ASSIGNMENT
Below are records; please set down exactly the lines from the first through the one containing "then obtain p r".

DATA

lemma K_lift_Int_two_torsion_lift_eq:
  assumes "siegel_h2 Z"
  shows "K_lift Z \<inter> two_torsion_lift Z = {KA2_point Z p j q k | p j q k. True}"
proof (rule Set.set_eqI, rule iffI)
  fix t assume t: "t \<in> K_lift Z \<inter> two_torsion_lift Z"
  then obtain p r q s where "t + t = KA2_point Z p (2 * r) q (2 * s)"
    unfolding two_torsion_lift_def lattice_eq_KA2_points by blast
  define a :: "real^2" where "a = vector [of_int p / 2, of_int r / 2]"
  define b :: "real^2" where "b = vector [of_int q / 2, 2 * of_int s]"
  have "of_period_coords Z a b + of_period_coords Z a b = t + t"
    unfolding \<open>t + t = _\<close> of_period_coords_add KA2_point_def a_def b_def
    by (rule arg_cong2[where f="of_period_coords Z"]) (simp_all add: vec_eq_iff forall_2)
  then have "2 *\<^sub>R t = 2 *\<^sub>R of_period_coords Z a b"
    by (simp add: scaleR_2)
  then have t_eq: "t = of_period_coords Z a b"
    by simp
  have "KA2_point Z 0 0 1 0 \<in> lattice Z" "KA2_point Z 1 0 0 0 \<in> lattice Z"
    using KA2_point_even_in_lattice[of Z 0 0 1 0] KA2_point_even_in_lattice[of Z 1 0 0 0] by simp_all
  then have "riemE Z t (KA2_point Z 0 0 1 0) \<in> \<int>" "riemE Z t (KA2_point Z 1 0 0 0) \<in> \<int>"
    using t unfolding K_lift_def by blast+
  then have "of_int p / 2 \<in> (\<int> :: real set)" "- (of_int q / 2) \<in> (\<int> :: real set)"
    unfolding t_eq KA2_point_def riemE_of_period_coords[OF assms]
    by (simp_all add: a_def b_def inner_vec_def sum_2)
  then obtain p' q' where "of_int p / 2 = (of_int p' :: real)" "of_int q / 2 = (of_int q' :: real)"
    by (metis Ints_cases minus_minus of_int_minus)
  then have "t = KA2_point Z p' r q' s"
    unfolding t_eq KA2_point_def a_def b_def by simp
  then show "t \<in> {KA2_point Z p j q k | p j q k. True}" by blast
next
  fix t assume "t \<in> {KA2_point Z p j q k | p j q k. True}"
  then obtain p j q k where t: "t = KA2_point Z p j q k" by blast
  have "riemE Z t w \<in> \<int>" if "w \<in> lattice Z" for w
  proof -
    from that obtain p' r q' s where "w = KA2_point Z p' (2 * r) q' (2 * s)"
      unfolding lattice_eq_KA2_points by blast
    then show ?thesis by (simp add: t riemE_KA2_point[OF assms])
  qed
  moreover have "t + t \<in> lattice Z"
    using KA2_point_even_in_lattice[of Z "2 * p" j "2 * q" k] unfolding t KA2_point_add mult_2 .
  ultimately show "t \<in> K_lift Z \<inter> two_torsion_lift Z"
    unfolding K_lift_def two_torsion_lift_def by blast
qed

definition KA2_lift_group :: "complex^2^2 \<Rightarrow> (complex^2) monoid" where
  "KA2_lift_group Z = \<lparr>carrier = K_lift Z \<inter> two_torsion_lift Z, mult = (+), one = 0\<rparr>"

lemma carrier_KA2_lift_group:
  assumes "siegel_h2 Z"
  shows "t \<in> carrier (KA2_lift_group Z) \<longleftrightarrow> (\<exists>p j q k. t = KA2_point Z p j q k)"
  by (simp add: KA2_lift_group_def K_lift_Int_two_torsion_lift_eq[OF assms])

lemma group_KA2_lift_group:
  assumes "siegel_h2 Z"
  shows "group (KA2_lift_group Z)"
proof (rule groupI)
  fix x y assume "x \<in> carrier (KA2_lift_group Z)" "y \<in> carrier (KA2_lift_group Z)"
  then show "x \<otimes>\<^bsub>KA2_lift_group Z\<^esub> y \<in> carrier (KA2_lift_group Z)"
    unfolding carrier_KA2_lift_group[OF assms] by (simp add: KA2_lift_group_def) (metis KA2_point_add)
next
  show "\<one>\<^bsub>KA2_lift_group Z\<^esub> \<in> carrier (KA2_lift_group Z)"
    unfolding carrier_KA2_lift_group[OF assms] by (metis KA2_point_0 KA2_lift_group_def monoid.select_convs(2))
next
  fix x assume "x \<in> carrier (KA2_lift_group Z)"
  then have "- x \<in> carrier (KA2_lift_group Z)"
    unfolding carrier_KA2_lift_group[OF assms] by (metis KA2_point_uminus)
  then show "\<exists>y\<in>carrier (KA2_lift_group Z). y \<otimes>\<^bsub>KA2_lift_group Z\<^esub> x = \<one>\<^bsub>KA2_lift_group Z\<^esub>"
    by (intro bexI[of _ "- x"]) (simp_all add: KA2_lift_group_def)
qed (simp_all add: KA2_lift_group_def add.assoc)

RESULT
lemma K_lift_Int_two_torsion_lift_eq:
  assumes "siegel_h2 Z"
  shows "K_lift Z \<inter> two_torsion_lift Z = {KA2_point Z p j q k | p j q k. True}"
proof (rule Set.set_eqI, rule iffI)
  fix t assume t: "t \<in> K_lift Z \<inter> two_torsion_lift Z"
  then obtain p r q s where "t + t = KA2_point Z p (2 * r) q (2 * s)"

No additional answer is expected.